==== SOURCE DATA ====

(* Let $\mathcal{U}$ be the set of all non-trivial parts that appear in some linear clobber game starting from a single part in $\mathcal{A}=\{(\mathtt{ox})^n : n\ge 1\}$. Let $\mathcal{O}=\{\mathtt{o}(\mathtt{xo})^t : t\ge 0\}$, $o\mathcal{A}=\{\mathtt{o}(\mathtt{ox})^t : t\ge 0\}$, $o\mathcal{O}=\{\mathtt{oo}(\mathtt{xo})^t : t\ge 0\}$, $o\mathcal{O}o=\{\mathtt{oo}(\mathtt{xo})^t\mathtt{o} : t\ge 0\}$ and $o\mathcal{A}x=\{\mathtt{o}(\mathtt{ox})^n\mathtt{x} : n\ge 1\}$. Then $\mathcal{U}$ equals the set of non-trivial parts belonging to $$\mathcal{A}\cup\mathcal{O}\cup o\mathcal{A}\cup o\mathcal{O}\cup o\mathcal{O}o\cup o\mathcal{A}x\cup(-\mathcal{O})\cup(-o\mathcal{A})\cup(-o\mathcal{O})\cup(-o\mathcal{O}o).$$
   Context: Linear clobber is a two-player game (Left owns black stones $\mathtt{x}$, Right owns white stones $\mathtt{o}$) played on a path of cells, each cell empty or holding one stone. On a turn, a player chooses one of their stones that is in a cell adjacent (consecutive on the path) to a cell holding an opponent stone, removes the opponent stone and moves their own stone into that cell, leaving its original cell empty. Players alternate; a player who cannot move loses. A part is a maximal block of consecutive non-empty cells, written as a word over $\{\mathtt{o},\mathtt{x}\}$; a position is the disjoint sum of its parts. A part and its left-right reversal are identified (e.g. $\mathtt{xo}$ is identified with $\mathtt{ox}$). Words are written by concatenation, with exponents denoting repetition. A part is trivial if no two adjacent stones have different colors. For a part $p$, $-p$ is obtained by swapping the colors $\mathtt{o}\leftrightarrow\mathtt{x}$ of every stone, and for a set $X$ of parts, $-X=\{-p : p\in X\}$. A part "appears in some game starting from" a part $q$ if it is a part of some position reachable from the position $q$ by a sequence of legal moves (by either player, in any order). *)

theory Defs
  imports Main
begin

text \<open>Stones: Bx is Left's black stone x, Wo is Right's white stone o.\<close>
datatype stone = Bx | Wo

fun opp :: "stone \<Rightarrow> stone" where
  "opp Bx = Wo" | "opp Wo = Bx"

type_synonym board = "stone option list"

definition clobber_move :: "board \<Rightarrow> board \<Rightarrow> bool" where
  "clobber_move b b' \<longleftrightarrow>
     (\<exists>i j c. i < length b \<and> j < length b \<and> (j = Suc i \<or> i = Suc j) \<and>
        b ! i = Some c \<and> b ! j = Some (opp c) \<and>
        b' = (b[j := Some c])[i := None])"

definition reachable :: "board \<Rightarrow> board \<Rightarrow> bool" where
  "reachable = clobber_move\<^sup>*\<^sup>*"

definition is_part :: "stone list \<Rightarrow> board \<Rightarrow> bool" where
  "is_part p b \<longleftrightarrow> p \<noteq> [] \<and>
     (\<exists>k. k + length p \<le> length b \<and> take (length p) (drop k b) = map Some p \<and>
          (k = 0 \<or> b ! (k - 1) = None) \<and>
          (k + length p = length b \<or> b ! (k + length p) = None))"

definition board_of :: "stone list \<Rightarrow> board" where
  "board_of w = map Some w"

definition nontrivial :: "stone list \<Rightarrow> bool" where
  "nontrivial p \<longleftrightarrow> (\<exists>i. Suc i < length p \<and> p ! i \<noteq> p ! Suc i)"

definition neg_part :: "stone list \<Rightarrow> stone list" where
  "neg_part p = map opp p"

definition rep :: "nat \<Rightarrow> stone list \<Rightarrow> stone list" where
  "rep n w = concat (replicate n w)"

definition famA :: "stone list set" where
  "famA = {rep n [Wo,Bx] | n. n \<ge> 1}"
definition famO :: "stone list set" where
  "famO = {[Wo] @ rep t [Bx,Wo] | t. True}"
definition fam_oA :: "stone list set" where
  "fam_oA = {[Wo] @ rep t [Wo,Bx] | t. True}"
definition fam_oO :: "stone list set" where
  "fam_oO = {[Wo,Wo] @ rep t [Bx,Wo] | t. True}"
definition fam_oOo :: "stone list set" where
  "fam_oOo = {[Wo,Wo] @ rep t [Bx,Wo] @ [Wo] | t. True}"
definition fam_oAx :: "stone list set" where
  "fam_oAx = {[Wo] @ rep n [Wo,Bx] @ [Bx] | n. n \<ge> 1}"

definition famAll :: "stone list set" where
  "famAll = famA \<union> famO \<union> fam_oA \<union> fam_oO \<union> fam_oOo \<union> fam_oAx \<union>
            neg_part ` famO \<union> neg_part ` fam_oA \<union> neg_part ` fam_oO \<union> neg_part ` fam_oOo"

text \<open>Parts are identified with their reversals: w appears (up to reversal)
  in some game starting from a single part of A.\<close>
definition appears_from_A :: "stone list \<Rightarrow> bool" where
  "appears_from_A w \<longleftrightarrow> (\<exists>q b p. q \<in> famA \<and> reachable (board_of q) b \<and>
       is_part p b \<and> (p = w \<or> p = rev w))"

end

theory Submission
  imports Defs "HOL-Library.Sublist"
begin

(* Call a word inner-alternating if adjacent stones differ everywhere except possibly at its
   two ends.  This property passes to factors and survives captures: a capture x o -> _ x inside
   a run u x o v leaves the runs u and x v, and x v is inner-alternating because o v is, the first
   stone being irrelevant.  As (ox)^n is alternating, every part of every position reachable from
   it is inner-alternating, and the non-trivial inner-alternating words are, up to reversal,
   exactly the words of the ten families.  Conversely, each family is realised from a suitable
   (ox)^n within two moves. *)

section \<open>Words and alternation\<close>

lemma opp_opp [simp]: "opp (opp s) = s"
  by (cases s) auto

lemma neq_iff_opp: "t \<noteq> s \<longleftrightarrow> t = opp s"
  by (cases s; cases t) auto

lemma rep_0 [simp]: "rep 0 w = []"
  by (simp add: rep_def)

lemma rep_Suc: "rep (Suc n) w = w @ rep n w"
  by (simp add: rep_def)

lemma rep_Suc_right: "rep (Suc n) w = rep n w @ w"
  by (simp add: rep_def replicate_append_same[symmetric])

lemma rep_snoc: "rep n [a, b] @ [a] = a # rep n [b, a]"
  by (induction n) (simp_all add: rep_Suc)

lemma rep_append_Cons: "rep n [a, b] @ a # w = a # rep n [b, a] @ w"
  using rep_snoc[of n a b] by simp

lemma rep_rev: "rev (rep n [a, b]) = rep n [b, a]"
  by (induction n) (simp_all add: rep_Suc flip: rep_Suc_right)

lemma rep_map: "map f (rep n w) = rep n (map f w)"
  by (simp add: rep_def map_concat)

lemma Cons_Cons_rep: "a # b # rep n [a, b] = rep (Suc n) [a, b]"
  by (simp add: rep_Suc)

lemma distinct_adj_rep: "a \<noteq> b \<Longrightarrow> distinct_adj (rep n [a, b])"
proof (induction n)
  case (Suc n)
  then show ?case by (cases n) (simp_all add: rep_Suc)
qed simp

lemma distinct_adj_Cons_rep:
  "distinct_adj (s # w) \<Longrightarrow>
    \<exists>n. s # w = rep (Suc n) [s, opp s] \<or> s # w = rep n [s, opp s] @ [s]"
proof (induction w arbitrary: s)
  case Nil
  show ?case by (rule exI[of _ 0]) simp
next
  case (Cons t w)
  then have "t = opp s" "distinct_adj (t # w)" by (simp_all add: neq_iff_opp)
  then obtain n where "t # w = rep (Suc n) [t, s] \<or> t # w = rep n [t, s] @ [t]"
    using Cons.IH by fastforce
  then show ?case using \<open>t = opp s\<close>
    by (metis Cons_Cons_rep rep_snoc)
qed

lemma sublist_tl_tl:
  assumes "sublist u w" shows "sublist (tl u) (tl w)"
proof -
  obtain l r where w: "w = l @ u @ r"
    using assms by (auto simp: sublist_def)
  show ?thesis
  proof (cases l)
    case Nil
    then show ?thesis using w by (cases u) auto
  next
    case (Cons x l')
    then show ?thesis
      using w sublist_order.order.trans[OF sublist_tl[of u]] by auto
  qed
qed

lemma sublist_butlast_butlast: "sublist u w \<Longrightarrow> sublist (butlast u) (butlast w)"
  using sublist_tl_tl[of "rev u" "rev w"] by (metis butlast_rev rev_rev_ident sublist_rev)

lemma distinct_adj_sublist: "sublist u w \<Longrightarrow> distinct_adj w \<Longrightarrow> distinct_adj u"
  by (auto simp: sublist_def)

lemma sublist_append_Cons_notin:
  assumes "sublist xs (ys @ y # zs)" "y \<notin> set xs"
  shows "sublist xs ys \<or> sublist xs zs"
  using assms by (auto simp: sublist_append sublist_Cons_right prefix_Cons)

definition inner_alternating :: "'a list \<Rightarrow> bool" where
  "inner_alternating w \<longleftrightarrow> distinct_adj (tl (butlast w))"

lemma inner_alternating_rev [simp]: "inner_alternating (rev w) \<longleftrightarrow> inner_alternating w"
proof -
  have "tl (rev v) = rev (butlast v)" for v :: "'a list"
    using butlast_rev[of "rev v"] by simp
  then have "tl (butlast (rev w)) = rev (tl (butlast w))"
    by (simp add: butlast_tl)
  then show ?thesis by (simp add: inner_alternating_def)
qed

lemma inner_alternating_sublist: "sublist u w \<Longrightarrow> inner_alternating w \<Longrightarrow> inner_alternating u"
  unfolding inner_alternating_def
  by (metis distinct_adj_sublist sublist_tl_tl sublist_butlast_butlast)

lemma inner_alternating_Cons_swap: "inner_alternating (s # w) \<longleftrightarrow> inner_alternating (t # w)"
  by (cases w rule: rev_cases) (simp_all add: inner_alternating_def)

lemma distinct_adj_imp_inner_alternating: "distinct_adj w \<Longrightarrow> inner_alternating w"
  unfolding inner_alternating_def
  by (meson distinct_adj_sublist sublist_order.order.trans sublist_tl sublist_butlast)

section \<open>Parts of positions reachable from (ox)^n\<close>

(* All runs of stones, not only the maximal ones, so that the invariant is stable when a part
   splits. *)
definition runs_inner_alternating :: "board \<Rightarrow> bool" where
  "runs_inner_alternating b \<longleftrightarrow> (\<forall>u. sublist (map Some u) b \<longrightarrow> inner_alternating u)"

lemma runs_inner_alternating_rev: "runs_inner_alternating (rev b) \<longleftrightarrow> runs_inner_alternating b"
  unfolding runs_inner_alternating_def sublist_rev_right rev_map
  by (metis inner_alternating_rev rev_rev_ident)

lemma runs_inner_alternating_board_of:
  "distinct_adj w \<Longrightarrow> runs_inner_alternating (board_of w)"
  unfolding runs_inner_alternating_def board_of_def
  by (metis sublist_map_rightE distinct_adj_sublist distinct_adj_imp_inner_alternating
      list.inj_map_strong option.inject)

lemma capture_right_preserves_runs_inner_alternating:
  assumes "runs_inner_alternating (L @ [Some c, Some (opp c)] @ R)"
  shows "runs_inner_alternating (L @ [None, Some c] @ R)"
  unfolding runs_inner_alternating_def
proof (intro allI impI)
  fix u assume "sublist (map Some u) (L @ [None, Some c] @ R)"
  then have "sublist (map Some u) L \<or> sublist (map Some u) (Some c # R)"
    using sublist_append_Cons_notin[of "map Some u" L None] by auto
  then consider "sublist (map Some u) L" | "sublist (map Some u) R"
    | v where "u = c # v" "prefix (map Some v) R"
    by (cases u) (auto simp: sublist_Cons_right)
  then show "inner_alternating u"
  proof cases
    case 1
    then have "sublist (map Some u) (L @ [Some c, Some (opp c)] @ R)"
      by (metis sublist_order.order.trans sublist_append_rightI)
    then show ?thesis using assms by (simp add: runs_inner_alternating_def)
  next
    case 2
    then have "sublist (map Some u) (L @ [Some c, Some (opp c)] @ R)"
      by (metis sublist_order.order.trans sublist_append_leftI)
    then show ?thesis using assms by (simp add: runs_inner_alternating_def)
  next
    case 3
    then obtain r where "R = map Some v @ r"
      by (auto simp: prefix_def)
    then have "sublist (map Some (opp c # v)) (L @ [Some c, Some (opp c)] @ R)"
      by (metis sublist_appendI append.assoc append_Cons append_Nil list.simps(9))
    then have "inner_alternating (opp c # v)"
      using assms by (simp add: runs_inner_alternating_def)
    then show ?thesis
      unfolding \<open>u = c # v\<close> by (rule inner_alternating_Cons_swap[THEN iffD1])
  qed
qed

====

## WHAT TO DO
Would you quote everything above from the line containing "-> _ x inside" down to the line containing "(simp_all add: neq_iff_opp)"? Include both of those lines and nothing else.

## RESPONSE TO THIS TASK
   two ends.  This property passes to factors and survives captures: a capture x o -> _ x inside
   a run u x o v leaves the runs u and x v, and x v is inner-alternating because o v is, the first
   stone being irrelevant.  As (ox)^n is alternating, every part of every position reachable from
   it is inner-alternating, and the non-trivial inner-alternating words are, up to reversal,
   exactly the words of the ten families.  Conversely, each family is realised from a suitable
   (ox)^n within two moves. *)

section \<open>Words and alternation\<close>

lemma opp_opp [simp]: "opp (opp s) = s"
  by (cases s) auto

lemma neq_iff_opp: "t \<noteq> s \<longleftrightarrow> t = opp s"
  by (cases s; cases t) auto

lemma rep_0 [simp]: "rep 0 w = []"
  by (simp add: rep_def)

lemma rep_Suc: "rep (Suc n) w = w @ rep n w"
  by (simp add: rep_def)

lemma rep_Suc_right: "rep (Suc n) w = rep n w @ w"
  by (simp add: rep_def replicate_append_same[symmetric])

lemma rep_snoc: "rep n [a, b] @ [a] = a # rep n [b, a]"
  by (induction n) (simp_all add: rep_Suc)

lemma rep_append_Cons: "rep n [a, b] @ a # w = a # rep n [b, a] @ w"
  using rep_snoc[of n a b] by simp

lemma rep_rev: "rev (rep n [a, b]) = rep n [b, a]"
  by (induction n) (simp_all add: rep_Suc flip: rep_Suc_right)

lemma rep_map: "map f (rep n w) = rep n (map f w)"
  by (simp add: rep_def map_concat)

lemma Cons_Cons_rep: "a # b # rep n [a, b] = rep (Suc n) [a, b]"
  by (simp add: rep_Suc)

lemma distinct_adj_rep: "a \<noteq> b \<Longrightarrow> distinct_adj (rep n [a, b])"
proof (induction n)
  case (Suc n)
  then show ?case by (cases n) (simp_all add: rep_Suc)
qed simp

lemma distinct_adj_Cons_rep:
  "distinct_adj (s # w) \<Longrightarrow>
    \<exists>n. s # w = rep (Suc n) [s, opp s] \<or> s # w = rep n [s, opp s] @ [s]"
proof (induction w arbitrary: s)
  case Nil
  show ?case by (rule exI[of _ 0]) simp
next
  case (Cons t w)
  then have "t = opp s" "distinct_adj (t # w)" by (simp_all add: neq_iff_opp)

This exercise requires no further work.